Cloud contracts typically consist of multiple sections containing the terms and conditions of the service, the Service Level Agreement (or SLA), the obligations of the parties and the methods of processing personal data.

In summary:

  • the section relating to the general conditions of the contract defines the general aspects of the contract itself, namely the duration, the consideration, the payment, the cancellation or the withdrawal
  • the SLA section details the levels of service that the provider commits to maintain
  • the section on obligations of the parties defines the conditions to be met to avoid any interruption or suspension of the service
  • the privacy policy describes how the provider processes personal data as part of the provision of cloud computing service, also in light of the obligations imposed by EU Regulation 2016 / 679.

The identification of cloud service provider and cloud service provision contract are aspects of a particularly important phase focused on the selection of providers (seller rating) and the identification of the service contract adapted to the needs of the company.
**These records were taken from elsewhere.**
definition pattern_vector :: "nat \<Rightarrow> (bool \<Rightarrow> real) \<Rightarrow> (nat \<Rightarrow> bool) \<Rightarrow> nat \<Rightarrow> real" where
  "pattern_vector d v P k = (if k < d then v (P k) else 0)"

definition pattern_vectors :: "nat \<Rightarrow> ('j \<Rightarrow> bool \<Rightarrow> real) \<Rightarrow> 'j set \<Rightarrow> (nat \<Rightarrow> real) set" where
  "pattern_vectors d V J = {pattern_vector d (V j) P | j P. j \<in> J}"

lemma l1_pattern_vector: "l1 d (pattern_vector d v P) = (\<Sum>k<d. \<bar>v (P k)\<bar>)"
  by (simp add: l1_def pattern_vector_def)

lemma finite_pattern_vectors:
  assumes "finite J"
  shows "finite (pattern_vectors d V J)"
proof (rule finite_subset)
  show "pattern_vectors d V J \<subseteq> (\<lambda>(j, S). pattern_vector d (V j) (\<lambda>k. k \<in> S)) ` (J \<times> Pow {..<d})"
  proof
    fix x assume "x \<in> pattern_vectors d V J"
    then obtain j P where "j \<in> J" "x = pattern_vector d (V j) P"
      unfolding pattern_vectors_def by blast
    then have "x = pattern_vector d (V j) (\<lambda>k. k \<in> {k. k < d \<and> P k})"
      "(j, {k. k < d \<and> P k}) \<in> J \<times> Pow {..<d}"
      by (auto simp: pattern_vector_def fun_eq_iff)
    then show "x \<in> (\<lambda>(j, S). pattern_vector d (V j) (\<lambda>k. k \<in> S)) ` (J \<times> Pow {..<d})"
      by force
  qed
qed (use assms in auto)

lemma Max_l1_pattern_vectors:
  assumes "finite J" "J \<noteq> {}"
  shows "Max (l1 d ` pattern_vectors d V J) = real d * (MAX j\<in>J. max \<bar>V j False\<bar> \<bar>V j True\<bar>)"
    (is "_ = real d * ?M")
proof (rule Max_eqI)
  show "finite (l1 d ` pattern_vectors d V J)"
    using finite_pattern_vectors[OF assms(1)] by simp
next
  fix y assume "y \<in> l1 d ` pattern_vectors d V J"
  then obtain j P where j: "j \<in> J" and y: "y = (\<Sum>k<d. \<bar>V j (P k)\<bar>)"
    unfolding pattern_vectors_def by (auto simp: l1_pattern_vector)
  have "\<bar>V j (P k)\<bar> \<le> ?M" for k
  proof -
    have "\<bar>V j (P k)\<bar> \<le> max \<bar>V j False\<bar> \<bar>V j True\<bar>" by (cases "P k") auto
    also have "\<dots> \<le> ?M" using assms j by (intro Max_ge) auto
    finally show ?thesis .
  qed
  then show "y \<le> real d * ?M"
    unfolding y using sum_bounded_above[of "{..<d}" "\<lambda>k. \<bar>V j (P k)\<bar>" ?M] by simp
next
  have "?M \<in> (\<lambda>j. max \<bar>V j False\<bar> \<bar>V j True\<bar>) ` J"
    using assms by (intro Max_in) auto
  then obtain j where j: "j \<in> J" "?M = max \<bar>V j False\<bar> \<bar>V j True\<bar>"
    by blast
  obtain b where b: "\<bar>V j b\<bar> = ?M"
    using j(2) by (metis max_def)
  have "l1 d (pattern_vector d (V j) (\<lambda>_. b)) = real d * ?M"
    by (simp add: l1_pattern_vector b)
  moreover have "pattern_vector d (V j) (\<lambda>_. b) \<in> pattern_vectors d V J"
    unfolding pattern_vectors_def using j by blast
  ultimately show "real d * ?M \<in> l1 d ` pattern_vectors d V J"
    by (metis image_eqI)
qed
Always ensure that the following conditions are met:

  • The data stored on the vendor's servers must always remain the property of the company.
  • the provider must be able to demonstrate that it imposes appropriate access controls and ensure that data in transit, as well as download or transfer of files, are protected by encryption protocols
  • The provider must always be able to download a copy of the data at any time and independently and declare with the greatest transparency the physical location of the data.
  • The customer must be able to periodically check the supplier's response to performance and compliance with the contract.

A particularly important aspect in the cloud domain is the data portability.

at portability we hear the possibility of being able to migrate applications and data from one cloud environment to another, avoiding being "stuck" with a given cloud infrastructure provider (immobilization of the seller).

It is precisely in this regard that the "Guidelines on the right to portability of data" are found."The working group ex Article 29 (working document 29) provides guidance on the interpretation and implementation of the data portability right introduced by Regulation (EU) No 679/2016 by encouraging collaboration agreements between suppliers and professional badociations for the definition and development of shared standards and interoperable formats.

Data privacy and cloud security

Risk of loss of control of data by users Cloud services pose a serious threat to the privacy of information and the founding principles of privacy law.

ISO / IEC 27018 (Code of Conduct for the Protection of Personally Identifiable Information in Public Cloud Services for Cloud Providers) and the recommendations suggested by Enisa already in the first version of the publication Cloud Benefits Computing, risks and recommendations for information security & # 39; In fact, they are excellent reference tools for the proper management of privacy and data security in the cloud.

In particular, the ISO / IEC 27018 standard, incorporating the aspects set out in Madrid Resolution of 2009, provides precise instructions, guidelines and controls for the processing of personal data in the cloud on the public network.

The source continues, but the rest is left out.